Dug up some info: two sources
I enjoyed the history of Royal from the food timeline :
Royal icing descends from 18th century glace and sugar paste. Recipes for these confections present themselves under several names and and various permutations. Royal sugar sculpture elevates this substance to veritable works of art.

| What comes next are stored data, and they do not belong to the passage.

(* Under the standing setup and with $u$, $z^*$, $r_u$, $\delta_v$, $z_v$ as in the context, assume $\beta(u)\ne0$ and let $v\in B(u,r_u)\cap\widetilde X$ satisfy $\|u-v\|\le\frac{\varepsilon\|\beta(u)\|}{480}$. Then \[\|z_v-\beta(v)\|\le\frac{128\|u-u_{NN}\|^{1/2}}{\varepsilon^{1/2}}\|u-v\|^{1/2}.\]
   Context: Norms are Euclidean; $B(x,r)$ is the open ball. Standing setup: $X\subseteq\mathbb{R}^d$ has reach $\tau_X>0$, where $\tau_X=\sup\{t\ge0:\text{every }x\text{ with }d(x,X)<t\text{ has a unique closest point in }\overline X\}$; $\widetilde X=X+B(0,\tau_X/2)$; for $u\in\widetilde X$, $u_{NN}$ is the unique closest point to $u$ in $\overline X$, and it is a known fact that $\|u_{NN}-v_{NN}\|\le2\|u-v\|$ for all $u,v\in\widetilde X$. $\varepsilon\in(0,1)$. $S_X=\overline{\{(x-y)/\|x-y\|:x\ne y\in X\}}$. A linear $\Pi$ provides $\eta$-convex hull distortion for $T\subseteq S^{d-1}$ if $|\,\|\Pi x\|-\|x\|\,|<\eta$ for all $x\in\operatorname{conv}(T)$. $\mathcal C=\{w_1,\ldots,w_\ell\}\subseteq S_X$ is finite with every $v\in S_X$ within distance $<\varepsilon/40$ of some $w_i$; $\Pi\in\mathbb{R}^{m\times d}$ provides $\frac{\varepsilon}{240}$-convex hull distortion for $S_X$. For $z\in\mathbb{R}^m$, $u\in\widetilde X$, $i=1,\ldots,\ell$: $\tilde g_i(z,u)=\langle z,\Pi w_i\rangle-\langle u-u_{NN},w_i\rangle-\frac{\varepsilon}{30}\|u-u_{NN}\|$, $\tilde g_{\ell+i}(z,u)=\langle u-u_{NN},w_i\rangle-\langle z,\Pi w_i\rangle-\frac{\varepsilon}{30}\|u-u_{NN}\|$; $\widetilde F_u=\{z:\tilde g_i(z,u)\le0\ \forall i\}$; $\beta(u)=\arg\min_{z\in\widetilde F_u}\|z\|$. Fix $u\in\widetilde X\setminus\overline X$ and $z^*\in\mathbb{R}^m$ with $\|z^*\|\le\|u-u_{NN}\|$ and $\tilde g_i(z^*,u)\le-\frac{\varepsilon}{60}\|u-u_{NN}\|$ for all $i$. Set $r_u=\min\{1,\frac{\varepsilon\|u-u_{NN}\|}{480}\}$, and for $v\in B(u,r_u)\cap\widetilde X$, $\delta_v=\frac{240\|u-v\|}{\varepsilon\|u-u_{NN}\|}$, $z_v=(1-\delta_v)\beta(u)+\delta_vz^*$. *)

theory Defs
  imports "HOL-Analysis.Analysis" "HOL-Library.Extended_Real"
begin

definition is_closest :: "'a::euclidean_space set \<Rightarrow> 'a \<Rightarrow> 'a \<Rightarrow> bool" where
  "is_closest X x y \<longleftrightarrow> y \<in> closure X \<and> (\<forall>z\<in>closure X. dist x y \<le> dist x z)"

text \<open>Reach (as an extended real, it may be infinite, e.g. for convex X).\<close>
definition reach :: "'a::euclidean_space set \<Rightarrow> ereal" where
  "reach X = Sup {ereal t | t. t \<ge> 0 \<and>
      (\<forall>x. infdist x X < t \<longrightarrow> (\<exists>!y. is_closest X x y))}"

definition tube :: "'a::euclidean_space set \<Rightarrow> 'a set" where
  "tube X = {x + b | x b. x \<in> X \<and> ereal (norm b) < reach X / 2}"

definition nn :: "'a::euclidean_space set \<Rightarrow> 'a \<Rightarrow> 'a" where
  "nn X u = (THE y. is_closest X u y)"

definition secants :: "'a::euclidean_space set \<Rightarrow> 'a set" where
  "secants X = closure {(x - y) /\<^sub>R norm (x - y) | x y. x \<in> X \<and> y \<in> X \<and> x \<noteq> y}"

definition cvx_hull_distortion :: "('a::euclidean_space \<Rightarrow> 'b::euclidean_space) \<Rightarrow> real \<Rightarrow> 'a set \<Rightarrow> bool" where
  "cvx_hull_distortion P eta T \<longleftrightarrow> (\<forall>x\<in>convex hull T. \<bar>norm (P x) - norm x\<bar> < eta)"

text \<open>The feasible set tilde F_u; the constraints are indexed by w in the finite set C
  (both families g_i and g_{l+i}).\<close>
definition feas :: "'a::euclidean_space set \<Rightarrow> ('a \<Rightarrow> 'b::euclidean_space) \<Rightarrow> 'a set \<Rightarrow> real \<Rightarrow> 'a \<Rightarrow> 'b set" where
  "feas X P C eps u = {z. \<forall>w\<in>C.
      inner z (P w) - inner (u - nn X u) w - eps / 30 * norm (u - nn X u) \<le> 0 \<and>
      inner (u - nn X u) w - inner z (P w) - eps / 30 * norm (u - nn X u) \<le> 0}"

definition beta :: "'a::euclidean_space set \<Rightarrow> ('a \<Rightarrow> 'b::euclidean_space) \<Rightarrow> 'a set \<Rightarrow> real \<Rightarrow> 'a \<Rightarrow> 'b" where
  "beta X P C eps u = (THE z. z \<in> feas X P C eps u \<and> (\<forall>y\<in>feas X P C eps u. norm z \<le> norm y))"

end

theory Submission
  imports Defs
begin

text \<open>
  beta(u) is the projection of 0 onto F_u, an intersection of slabs
  {z. |<z, Pi w> - <u - u_NN, w>| <= eps/30 |u - u_NN|}. Below the reach the nearest-point map is
  2-Lipschitz, so passing from u to v moves the centres and radii of these slabs by O(|u - v|),
  and the slack eps/60 |u - u_NN| of z* absorbs this: z_v lies in F_v and
  (1 - delta) beta(v) + delta z* lies in F_u. Minimality of beta(u) and beta(v) then gives
  |z_v|^2 - |beta(v)|^2 <= 4 delta |u - u_NN|^2, and since beta(v) projects 0 onto the convex set
  F_v, also |z_v - beta(v)|^2 <= |z_v|^2 - |beta(v)|^2.

  The Lipschitz bound is derived from the definition of the reach through Federer's observation
  that the nearest point is constant along normal rays, which is proved by walking outward along
  the normal in small steps and using uniform continuity of the nearest-point map.
\<close>

section \<open>Nearest points below the reach\<close>

lemma nonempty_if_reach_pos:
  assumes "reach X > 0" shows "X \<noteq> {}"
proof
  assume X: "X = {}"
  have "{ereal t | t. t \<ge> 0 \<and> (\<forall>x. infdist x X < t \<longrightarrow> (\<exists>!y. is_closest X x y))} \<subseteq> {0}"
  proof
    fix e assume "e \<in> {ereal t | t. t \<ge> 0 \<and> (\<forall>x. infdist x X < t \<longrightarrow> (\<exists>!y. is_closest X x y))}"
    then obtain t where t: "e = ereal t" "t \<ge> 0" "\<forall>x. infdist x X < t \<longrightarrow> (\<exists>!y. is_closest X x y)"
      by blast
    have "t = 0"
    proof (rule ccontr)
      assume "t \<noteq> 0"
      then have "infdist 0 X < t" using t X by (simp add: infdist_def)
      then show False using t(3) X by (auto simp: is_closest_def)
    qed
    then show "e \<in> {0}" using t by (simp add: zero_ereal_def)
  qed
  then have "reach X \<le> 0" unfolding reach_def by (intro Sup_least) auto
  then show False using assms by simp
qed

lemma unique_closest_if_infdist_less_reach:
  "ereal (infdist x X) < reach X \<Longrightarrow> \<exists>!y. is_closest X x y"
  unfolding reach_def less_Sup_iff by auto

lemma infdist_less_reach_div_2_if_tube:
  assumes "u \<in> tube X" shows "ereal (infdist u X) < reach X / 2"
proof -
  obtain x b where xb: "x \<in> X" "u = x + b" "ereal (norm b) < reach X / 2"
    using assms unfolding tube_def by blast
  have "infdist u X \<le> norm b" using infdist_le[OF xb(1), of u] xb(2) by (simp add: dist_norm)
  then show ?thesis using xb(3) by (meson ereal_less_eq(3) order_le_less_trans)
qed

lemma infdist_closure: "infdist x (closure X) = infdist x X"
  by (simp add: infdist_eq_setdist)

lemma infdist_le_if_mem_closure: "y \<in> closure X \<Longrightarrow> infdist x X \<le> dist x y"
  using infdist_le[of y "closure X" x] by (simp add: infdist_closure)

lemma is_closest_iff_infdist:
  fixes X :: "'a::euclidean_space set"
  assumes "X \<noteq> {}"
  shows "is_closest X x y \<longleftrightarrow> y \<in> closure X \<and> dist x y = infdist x X"
proof -
  have "dist x y \<le> infdist x (closure X)" if "\<forall>z\<in>closure X. dist x y \<le> dist x z"
    unfolding infdist_def using that assms by (auto intro: cINF_greatest)
  then show ?thesis
    unfolding is_closest_def infdist_closure using infdist_le_if_mem_closure by (auto intro: antisym)
qed

lemma infdist_le_add_if_mem_cball: "w \<in> cball x s \<Longrightarrow> infdist w X \<le> infdist x X + s"
  using infdist_triangle[of w X x] by (simp add: dist_commute)

lemma power2_norm_add_scaleR:
  fixes a n :: "'a::real_inner"
  shows "(norm (a + h *\<^sub>R n))\<^sup>2 = (norm a)\<^sup>2 + 2 * h * inner n a + h\<^sup>2 * (norm n)\<^sup>2"
  by (simp only: power2_norm_eq_inner)
    (simp add: inner_add_left inner_add_right inner_commute algebra_simps power2_eq_square)

primrec normal_walk :: "'a::euclidean_space set \<Rightarrow> real \<Rightarrow> 'a \<Rightarrow> nat \<Rightarrow> 'a" where
  "normal_walk X h x 0 = x"
| "normal_walk X h x (Suc k) = normal_walk X h x k
    + (h / infdist (normal_walk X h x k) X) *\<^sub>R (normal_walk X h x k - nn X (normal_walk X h x k))"

text \<open>Positive reach enters only through this hypothesis.\<close>
locale unique_closest_below =
  fixes X :: "'a::euclidean_space set" and R :: real
  assumes nonempty: "X \<noteq> {}"
    and unique_closest: "\<And>x. infdist x X < R \<Longrightarrow> \<exists>!y. is_closest X x y"
begin

lemma is_closest_nn: "infdist x X < R \<Longrightarrow> is_closest X x (nn X x)"
  unfolding nn_def by (rule theI'[OF unique_closest])

lemma nn_in_closure: "infdist x X < R \<Longrightarrow> nn X x \<in> closure X"
  using is_closest_nn is_closest_def by blast

lemma dist_nn: "infdist x X < R \<Longrightarrow> dist x (nn X x) = infdist x X"
  using is_closest_nn is_closest_iff_infdist[OF nonempty] by blast

lemma norm_diff_nn: "infdist x X < R \<Longrightarrow> norm (x - nn X x) = infdist x X"
  using dist_nn by (simp add: dist_norm)

lemma nn_eqI: "infdist x X < R \<Longrightarrow> y \<in> closure X \<Longrightarrow> dist x y = infdist x X \<Longrightarrow> nn X x = y"
  using is_closest_nn unique_closest is_closest_iff_infdist[OF nonempty] by blast

text \<open>The graph of nn over a compact ball is closed, being cut out by the continuous equation
  dist x y = infdist x X.\<close>
lemma continuous_on_nn:
  assumes "infdist x X + s < R"
  shows "continuous_on (cball x s) (nn X)"
proof (rule continuous_from_closed_graph[of "cball x (s + R)"])
  have lt: "infdist w X < R" if "w \<in> cball x s" for w
    using infdist_le_add_if_mem_cball[OF that, of X] assms by simp
  show "compact (cball x (s + R))" by simp
  show "nn X \<in> cball x s \<rightarrow> cball x (s + R)"
  proof
    fix w assume w: "w \<in> cball x s"
    have "dist x (nn X w) \<le> dist x w + dist w (nn X w)" by (rule dist_triangle)
    also have "\<dots> \<le> s + R" using w dist_nn[OF lt[OF w]] lt[OF w] by simp
    finally show "nn X w \<in> cball x (s + R)" by simp
  qed
  have "(\<lambda>w. (w, nn X w)) ` cball x s
      = (cball x s \<times> closure X) \<inter> {p. dist (fst p) (snd p) = infdist (fst p) X}"
    using nn_in_closure dist_nn nn_eqI lt by (auto simp: image_iff)
  then show "closed ((\<lambda>w. (w, nn X w)) ` cball x s)"
    by (simp add: closed_Int closed_Times closed_Collect_eq continuous_intros)
qed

While recipes creating "royal icing" type coatings exist in 18th/19th century British & American cookbooks, the oldest print reference for a recipe with that title was published in 1896. Prior to this, our sources reveal this item was titled "Ornamental Icing."
Why the name?
None of our sources divulge this information. Our survey of historic American newspapers (Historic Newspapers/ProQuest, Americas Historic Newspapers/Readex) and cookbooks confirm the popularity of Royal Icing surged in the dawning decades of the 20th century. Curiously? We find no references to Royal Icing in the Times [London] historic database. Possibly this is an American appellation?
What is Royal icing?
"Royal Icing. The harding type of icing used for coating wedding, birthday and celebration cakes; it being almost an airtight casing, cakes coated with this type of icing will usually keep for a very long time. It consists of icing sugar and whites of eggs beaten together until they become almost as light and pliable as stiffly whipped cream. A little blue is sometimes added to give that expert whiteness, and acetic acid to haste its drying or hardening proces.."The Master Dictionary of Food & Cookery, Henry Smith [Philosophical Library:New York] 1951 (p. 204)
"Royal icing. An icing made from confectioners' sugar, egg whites or dried meringue powder, and a few drops of lemon juice, which dries to a rock-hard finish. Royal icing is used for long-lasting delicate cake decorations such as fine line piping and flowers. The icing can be tinted with food coloring. United States."
---The International Dictionary of Desserts, Pastries, and Confections, Carole Bloom [Hearst Books:New York] 1995 (p. 264-5)
"Royal icing, made with egg whites and icing sugar, is a completely different preparation to glace icing, used for coating marzipan-covered fruit cake and for adding piped decoration. Royal icing dries to a fairly hard consistency and it keeps for several months."
---Larousse Gastronomique, completely revised and updated [Clarkson Potter:New York] 2001 (p. 618) “.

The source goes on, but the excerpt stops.